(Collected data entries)
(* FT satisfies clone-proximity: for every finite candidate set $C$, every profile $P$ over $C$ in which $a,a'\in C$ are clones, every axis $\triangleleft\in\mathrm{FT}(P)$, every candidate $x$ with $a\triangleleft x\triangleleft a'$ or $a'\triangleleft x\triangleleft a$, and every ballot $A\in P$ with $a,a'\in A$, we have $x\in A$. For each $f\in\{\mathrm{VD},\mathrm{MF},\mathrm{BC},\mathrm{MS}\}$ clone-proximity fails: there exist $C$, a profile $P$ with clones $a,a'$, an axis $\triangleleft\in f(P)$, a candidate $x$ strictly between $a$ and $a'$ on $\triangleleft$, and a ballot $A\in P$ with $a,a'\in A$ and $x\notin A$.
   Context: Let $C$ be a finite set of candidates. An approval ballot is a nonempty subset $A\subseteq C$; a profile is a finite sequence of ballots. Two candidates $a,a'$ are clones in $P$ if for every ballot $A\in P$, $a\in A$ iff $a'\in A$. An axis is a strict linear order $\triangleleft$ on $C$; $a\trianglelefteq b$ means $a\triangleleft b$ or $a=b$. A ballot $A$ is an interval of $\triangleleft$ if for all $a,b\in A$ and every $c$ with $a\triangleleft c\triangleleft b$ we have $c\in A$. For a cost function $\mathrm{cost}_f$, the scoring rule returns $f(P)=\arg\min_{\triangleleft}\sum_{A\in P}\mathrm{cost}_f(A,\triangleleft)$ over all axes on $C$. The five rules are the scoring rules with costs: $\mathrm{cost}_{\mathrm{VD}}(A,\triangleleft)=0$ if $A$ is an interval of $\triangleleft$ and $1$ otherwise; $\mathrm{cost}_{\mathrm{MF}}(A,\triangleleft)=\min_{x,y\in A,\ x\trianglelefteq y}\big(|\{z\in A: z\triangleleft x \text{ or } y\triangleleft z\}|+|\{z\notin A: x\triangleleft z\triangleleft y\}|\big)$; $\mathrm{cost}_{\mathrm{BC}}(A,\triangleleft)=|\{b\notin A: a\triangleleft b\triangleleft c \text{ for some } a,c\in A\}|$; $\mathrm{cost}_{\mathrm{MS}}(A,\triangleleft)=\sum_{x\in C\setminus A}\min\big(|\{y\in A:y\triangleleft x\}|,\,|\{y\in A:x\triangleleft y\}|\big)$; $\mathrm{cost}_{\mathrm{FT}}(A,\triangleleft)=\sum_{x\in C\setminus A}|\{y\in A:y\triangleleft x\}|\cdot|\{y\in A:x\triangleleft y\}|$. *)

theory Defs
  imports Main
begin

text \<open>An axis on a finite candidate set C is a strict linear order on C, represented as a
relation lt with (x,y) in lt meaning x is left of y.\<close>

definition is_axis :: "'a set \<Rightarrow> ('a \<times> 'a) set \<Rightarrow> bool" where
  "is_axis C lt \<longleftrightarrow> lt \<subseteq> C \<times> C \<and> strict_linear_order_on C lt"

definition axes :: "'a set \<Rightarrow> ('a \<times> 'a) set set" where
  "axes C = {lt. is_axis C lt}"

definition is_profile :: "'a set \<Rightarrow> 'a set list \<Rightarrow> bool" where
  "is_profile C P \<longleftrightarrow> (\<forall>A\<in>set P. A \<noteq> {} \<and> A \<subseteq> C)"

---

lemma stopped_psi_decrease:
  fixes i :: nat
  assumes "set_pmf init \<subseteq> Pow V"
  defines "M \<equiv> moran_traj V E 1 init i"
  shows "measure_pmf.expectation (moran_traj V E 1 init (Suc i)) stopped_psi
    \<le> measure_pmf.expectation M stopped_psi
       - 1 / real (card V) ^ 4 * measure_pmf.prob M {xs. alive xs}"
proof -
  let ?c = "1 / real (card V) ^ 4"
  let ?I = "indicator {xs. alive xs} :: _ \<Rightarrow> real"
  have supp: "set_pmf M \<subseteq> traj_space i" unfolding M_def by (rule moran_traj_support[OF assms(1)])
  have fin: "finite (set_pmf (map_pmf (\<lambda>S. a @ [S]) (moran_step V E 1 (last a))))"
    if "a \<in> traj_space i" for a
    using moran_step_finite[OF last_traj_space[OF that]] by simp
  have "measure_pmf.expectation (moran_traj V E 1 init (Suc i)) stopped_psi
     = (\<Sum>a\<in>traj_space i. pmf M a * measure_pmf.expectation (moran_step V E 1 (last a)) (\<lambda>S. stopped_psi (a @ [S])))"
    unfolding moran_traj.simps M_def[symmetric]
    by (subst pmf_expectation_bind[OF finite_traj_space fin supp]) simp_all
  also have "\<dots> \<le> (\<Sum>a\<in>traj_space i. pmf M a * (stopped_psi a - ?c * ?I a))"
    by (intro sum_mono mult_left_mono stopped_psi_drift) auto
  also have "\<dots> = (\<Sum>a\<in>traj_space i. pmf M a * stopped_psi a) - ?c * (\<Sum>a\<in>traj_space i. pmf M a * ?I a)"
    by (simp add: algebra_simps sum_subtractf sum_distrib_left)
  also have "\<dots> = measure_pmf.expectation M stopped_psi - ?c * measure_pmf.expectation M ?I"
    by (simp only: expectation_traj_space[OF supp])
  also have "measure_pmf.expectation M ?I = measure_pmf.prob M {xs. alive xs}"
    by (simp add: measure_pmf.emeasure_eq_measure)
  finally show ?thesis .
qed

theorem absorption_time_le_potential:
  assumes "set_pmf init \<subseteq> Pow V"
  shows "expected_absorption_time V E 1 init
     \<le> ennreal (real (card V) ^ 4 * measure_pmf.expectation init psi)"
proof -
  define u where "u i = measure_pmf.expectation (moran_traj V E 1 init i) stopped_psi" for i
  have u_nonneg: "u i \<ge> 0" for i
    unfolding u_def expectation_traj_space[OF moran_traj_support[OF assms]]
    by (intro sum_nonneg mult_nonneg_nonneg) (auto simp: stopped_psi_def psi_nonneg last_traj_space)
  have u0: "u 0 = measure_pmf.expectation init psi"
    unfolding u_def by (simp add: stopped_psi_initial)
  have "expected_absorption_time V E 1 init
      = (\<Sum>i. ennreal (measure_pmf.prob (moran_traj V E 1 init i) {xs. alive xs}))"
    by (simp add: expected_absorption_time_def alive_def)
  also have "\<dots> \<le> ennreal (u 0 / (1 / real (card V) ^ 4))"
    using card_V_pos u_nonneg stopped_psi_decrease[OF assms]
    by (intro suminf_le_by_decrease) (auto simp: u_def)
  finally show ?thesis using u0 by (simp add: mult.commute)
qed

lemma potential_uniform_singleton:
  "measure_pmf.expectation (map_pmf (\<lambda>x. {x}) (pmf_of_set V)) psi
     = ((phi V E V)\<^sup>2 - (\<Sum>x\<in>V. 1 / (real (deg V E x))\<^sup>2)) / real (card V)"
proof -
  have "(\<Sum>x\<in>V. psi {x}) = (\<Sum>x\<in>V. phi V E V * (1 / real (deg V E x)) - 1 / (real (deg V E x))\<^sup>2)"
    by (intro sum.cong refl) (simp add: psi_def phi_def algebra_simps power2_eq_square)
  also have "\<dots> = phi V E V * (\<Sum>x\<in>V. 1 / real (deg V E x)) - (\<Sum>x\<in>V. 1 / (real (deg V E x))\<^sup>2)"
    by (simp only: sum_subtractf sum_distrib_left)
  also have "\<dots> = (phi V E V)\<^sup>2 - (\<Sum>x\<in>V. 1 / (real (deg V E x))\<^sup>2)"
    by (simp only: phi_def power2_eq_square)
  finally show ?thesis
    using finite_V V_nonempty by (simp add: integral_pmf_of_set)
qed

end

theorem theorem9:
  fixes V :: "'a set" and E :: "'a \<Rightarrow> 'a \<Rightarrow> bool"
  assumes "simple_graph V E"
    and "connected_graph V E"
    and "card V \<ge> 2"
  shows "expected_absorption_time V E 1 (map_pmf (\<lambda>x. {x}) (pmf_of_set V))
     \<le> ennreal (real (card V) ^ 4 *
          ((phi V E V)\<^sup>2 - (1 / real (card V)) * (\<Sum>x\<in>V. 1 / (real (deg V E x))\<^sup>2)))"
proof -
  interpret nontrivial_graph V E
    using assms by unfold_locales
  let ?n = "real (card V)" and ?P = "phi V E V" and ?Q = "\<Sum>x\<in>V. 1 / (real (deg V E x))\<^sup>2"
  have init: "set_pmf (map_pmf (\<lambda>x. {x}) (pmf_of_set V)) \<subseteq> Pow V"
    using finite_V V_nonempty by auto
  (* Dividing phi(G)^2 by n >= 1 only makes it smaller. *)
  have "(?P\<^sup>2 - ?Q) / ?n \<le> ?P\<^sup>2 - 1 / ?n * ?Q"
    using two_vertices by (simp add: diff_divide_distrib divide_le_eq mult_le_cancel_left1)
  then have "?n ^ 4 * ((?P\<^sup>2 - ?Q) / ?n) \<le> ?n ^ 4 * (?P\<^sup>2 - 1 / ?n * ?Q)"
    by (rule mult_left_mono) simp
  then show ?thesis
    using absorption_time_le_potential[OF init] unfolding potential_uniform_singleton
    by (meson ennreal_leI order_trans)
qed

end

---

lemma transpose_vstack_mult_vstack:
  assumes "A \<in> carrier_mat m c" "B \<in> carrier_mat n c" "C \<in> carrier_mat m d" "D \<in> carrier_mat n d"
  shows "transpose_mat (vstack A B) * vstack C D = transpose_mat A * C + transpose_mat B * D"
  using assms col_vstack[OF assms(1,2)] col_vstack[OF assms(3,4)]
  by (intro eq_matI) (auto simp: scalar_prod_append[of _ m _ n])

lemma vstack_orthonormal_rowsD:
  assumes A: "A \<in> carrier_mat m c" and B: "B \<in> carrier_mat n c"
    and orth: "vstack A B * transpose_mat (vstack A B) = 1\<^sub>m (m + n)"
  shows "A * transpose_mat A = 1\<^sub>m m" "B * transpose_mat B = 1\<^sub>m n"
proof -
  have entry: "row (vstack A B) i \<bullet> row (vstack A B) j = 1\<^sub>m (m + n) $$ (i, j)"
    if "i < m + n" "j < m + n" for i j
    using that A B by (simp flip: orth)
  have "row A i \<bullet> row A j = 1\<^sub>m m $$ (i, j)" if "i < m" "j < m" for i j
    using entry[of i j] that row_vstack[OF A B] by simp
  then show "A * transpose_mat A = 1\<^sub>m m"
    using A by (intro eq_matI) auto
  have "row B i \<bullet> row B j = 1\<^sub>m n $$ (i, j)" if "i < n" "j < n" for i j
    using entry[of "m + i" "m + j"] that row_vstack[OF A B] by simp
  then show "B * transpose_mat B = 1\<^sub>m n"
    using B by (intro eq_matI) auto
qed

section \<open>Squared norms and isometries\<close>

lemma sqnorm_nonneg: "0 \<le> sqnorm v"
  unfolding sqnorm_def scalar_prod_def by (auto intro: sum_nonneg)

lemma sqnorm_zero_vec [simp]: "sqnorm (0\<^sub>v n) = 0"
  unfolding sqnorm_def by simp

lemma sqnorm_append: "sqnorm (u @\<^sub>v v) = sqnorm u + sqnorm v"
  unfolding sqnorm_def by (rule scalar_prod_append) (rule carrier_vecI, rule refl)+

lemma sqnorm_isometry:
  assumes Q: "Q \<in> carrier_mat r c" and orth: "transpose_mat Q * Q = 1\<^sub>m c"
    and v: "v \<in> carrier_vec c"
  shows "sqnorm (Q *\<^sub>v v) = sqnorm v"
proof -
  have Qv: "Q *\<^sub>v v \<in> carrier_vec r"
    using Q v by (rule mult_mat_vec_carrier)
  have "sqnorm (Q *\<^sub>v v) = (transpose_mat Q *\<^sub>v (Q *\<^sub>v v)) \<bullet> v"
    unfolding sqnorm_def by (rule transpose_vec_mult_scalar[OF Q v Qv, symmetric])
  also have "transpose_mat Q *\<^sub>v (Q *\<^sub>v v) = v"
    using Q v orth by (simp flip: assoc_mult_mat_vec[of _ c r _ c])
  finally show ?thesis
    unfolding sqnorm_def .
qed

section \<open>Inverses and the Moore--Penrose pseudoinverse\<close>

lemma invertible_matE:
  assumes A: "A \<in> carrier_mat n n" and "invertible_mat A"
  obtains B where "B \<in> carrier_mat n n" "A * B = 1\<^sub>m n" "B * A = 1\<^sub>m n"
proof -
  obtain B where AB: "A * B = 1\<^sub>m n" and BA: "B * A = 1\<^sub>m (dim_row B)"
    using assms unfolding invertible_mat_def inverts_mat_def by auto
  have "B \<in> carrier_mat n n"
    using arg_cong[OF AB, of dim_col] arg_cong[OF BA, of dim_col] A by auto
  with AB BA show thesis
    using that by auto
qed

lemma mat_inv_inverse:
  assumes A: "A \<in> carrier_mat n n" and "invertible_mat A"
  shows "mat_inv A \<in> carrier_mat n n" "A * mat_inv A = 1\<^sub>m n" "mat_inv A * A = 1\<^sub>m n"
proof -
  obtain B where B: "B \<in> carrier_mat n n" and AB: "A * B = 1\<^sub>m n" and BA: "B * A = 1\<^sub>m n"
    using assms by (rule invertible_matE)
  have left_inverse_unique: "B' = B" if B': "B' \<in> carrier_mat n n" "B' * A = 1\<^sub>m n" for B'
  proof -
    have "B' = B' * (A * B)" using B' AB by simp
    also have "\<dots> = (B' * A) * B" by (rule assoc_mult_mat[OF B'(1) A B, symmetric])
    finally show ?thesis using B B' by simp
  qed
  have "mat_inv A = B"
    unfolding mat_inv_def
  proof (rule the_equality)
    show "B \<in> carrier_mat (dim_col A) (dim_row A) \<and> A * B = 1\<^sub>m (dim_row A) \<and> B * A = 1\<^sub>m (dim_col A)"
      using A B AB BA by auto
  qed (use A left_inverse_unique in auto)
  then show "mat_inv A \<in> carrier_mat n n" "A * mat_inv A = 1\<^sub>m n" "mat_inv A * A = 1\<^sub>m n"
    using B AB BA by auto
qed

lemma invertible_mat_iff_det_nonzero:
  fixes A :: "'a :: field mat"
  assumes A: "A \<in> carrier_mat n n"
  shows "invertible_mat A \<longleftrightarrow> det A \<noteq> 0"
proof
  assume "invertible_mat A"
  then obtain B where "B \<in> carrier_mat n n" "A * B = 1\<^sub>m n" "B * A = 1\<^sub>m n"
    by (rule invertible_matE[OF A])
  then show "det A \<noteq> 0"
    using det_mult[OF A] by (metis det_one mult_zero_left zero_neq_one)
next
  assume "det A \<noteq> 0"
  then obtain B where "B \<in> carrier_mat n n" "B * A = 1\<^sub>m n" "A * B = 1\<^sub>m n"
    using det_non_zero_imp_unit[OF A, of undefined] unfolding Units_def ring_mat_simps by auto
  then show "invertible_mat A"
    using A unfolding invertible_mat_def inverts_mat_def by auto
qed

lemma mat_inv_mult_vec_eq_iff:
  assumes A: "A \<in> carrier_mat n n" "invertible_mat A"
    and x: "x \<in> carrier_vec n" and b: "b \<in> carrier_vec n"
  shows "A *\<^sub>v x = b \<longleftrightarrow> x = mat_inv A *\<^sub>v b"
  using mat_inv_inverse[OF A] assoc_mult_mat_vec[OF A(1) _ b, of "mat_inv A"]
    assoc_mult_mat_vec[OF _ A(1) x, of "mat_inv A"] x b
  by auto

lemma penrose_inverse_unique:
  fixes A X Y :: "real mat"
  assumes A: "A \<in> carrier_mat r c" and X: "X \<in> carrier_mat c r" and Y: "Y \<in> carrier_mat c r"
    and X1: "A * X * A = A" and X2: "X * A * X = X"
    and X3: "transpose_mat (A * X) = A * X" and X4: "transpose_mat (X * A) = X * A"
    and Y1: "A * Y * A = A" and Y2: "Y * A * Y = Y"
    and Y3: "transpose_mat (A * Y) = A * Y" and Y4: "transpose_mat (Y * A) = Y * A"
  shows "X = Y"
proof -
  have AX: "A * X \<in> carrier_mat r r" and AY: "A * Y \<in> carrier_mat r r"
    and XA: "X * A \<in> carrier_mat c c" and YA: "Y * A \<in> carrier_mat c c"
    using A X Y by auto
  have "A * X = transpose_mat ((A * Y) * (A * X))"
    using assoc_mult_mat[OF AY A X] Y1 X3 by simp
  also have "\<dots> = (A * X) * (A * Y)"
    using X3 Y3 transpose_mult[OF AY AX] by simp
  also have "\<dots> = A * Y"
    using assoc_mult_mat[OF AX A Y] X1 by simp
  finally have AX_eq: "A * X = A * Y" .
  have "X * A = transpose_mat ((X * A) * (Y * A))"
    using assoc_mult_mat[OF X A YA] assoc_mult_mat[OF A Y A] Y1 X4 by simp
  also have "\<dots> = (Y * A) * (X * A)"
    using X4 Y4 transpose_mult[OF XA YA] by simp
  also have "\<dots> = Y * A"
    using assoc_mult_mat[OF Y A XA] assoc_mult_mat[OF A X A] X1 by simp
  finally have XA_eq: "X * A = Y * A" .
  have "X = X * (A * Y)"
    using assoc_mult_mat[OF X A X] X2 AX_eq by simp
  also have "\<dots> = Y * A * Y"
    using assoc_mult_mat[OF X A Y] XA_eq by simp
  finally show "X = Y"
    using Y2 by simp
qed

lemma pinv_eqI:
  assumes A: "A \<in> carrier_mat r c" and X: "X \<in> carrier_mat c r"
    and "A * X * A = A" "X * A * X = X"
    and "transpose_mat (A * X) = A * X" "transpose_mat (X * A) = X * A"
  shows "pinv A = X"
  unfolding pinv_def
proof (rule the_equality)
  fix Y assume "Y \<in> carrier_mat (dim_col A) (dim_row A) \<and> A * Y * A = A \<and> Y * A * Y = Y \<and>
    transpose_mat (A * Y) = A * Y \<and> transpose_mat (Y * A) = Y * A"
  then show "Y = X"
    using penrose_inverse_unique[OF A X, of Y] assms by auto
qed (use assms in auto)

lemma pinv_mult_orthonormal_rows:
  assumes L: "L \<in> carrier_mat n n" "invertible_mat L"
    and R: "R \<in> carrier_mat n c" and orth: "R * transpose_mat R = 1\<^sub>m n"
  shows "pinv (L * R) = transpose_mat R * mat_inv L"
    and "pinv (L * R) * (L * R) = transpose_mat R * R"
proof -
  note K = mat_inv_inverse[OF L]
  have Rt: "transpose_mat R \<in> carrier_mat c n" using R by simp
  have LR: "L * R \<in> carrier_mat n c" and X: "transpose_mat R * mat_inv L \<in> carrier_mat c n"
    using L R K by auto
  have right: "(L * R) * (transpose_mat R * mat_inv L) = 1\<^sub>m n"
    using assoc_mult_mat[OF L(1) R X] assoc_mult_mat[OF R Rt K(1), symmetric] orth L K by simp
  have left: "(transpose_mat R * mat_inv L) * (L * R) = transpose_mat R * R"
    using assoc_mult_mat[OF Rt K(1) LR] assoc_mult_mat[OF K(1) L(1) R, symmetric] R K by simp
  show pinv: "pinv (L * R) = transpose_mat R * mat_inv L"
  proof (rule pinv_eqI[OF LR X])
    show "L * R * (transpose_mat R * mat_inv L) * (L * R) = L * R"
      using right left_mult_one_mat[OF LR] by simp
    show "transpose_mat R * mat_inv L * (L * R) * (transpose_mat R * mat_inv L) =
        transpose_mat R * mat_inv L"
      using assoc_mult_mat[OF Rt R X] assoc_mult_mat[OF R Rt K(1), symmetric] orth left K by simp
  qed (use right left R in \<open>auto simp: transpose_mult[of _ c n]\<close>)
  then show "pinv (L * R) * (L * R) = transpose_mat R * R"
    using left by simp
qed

TASK: Filter the lines above so that only those with the string "open" remain, then copy them.

OUTPUT BELOW:
text \<open>An axis on a finite candidate set C is a strict linear order on C, represented as a
section \<open>Squared norms and isometries\<close>
section \<open>Inverses and the Moore--Penrose pseudoinverse\<close>
  qed (use right left R in \<open>auto simp: transpose_mult[of _ c n]\<close>)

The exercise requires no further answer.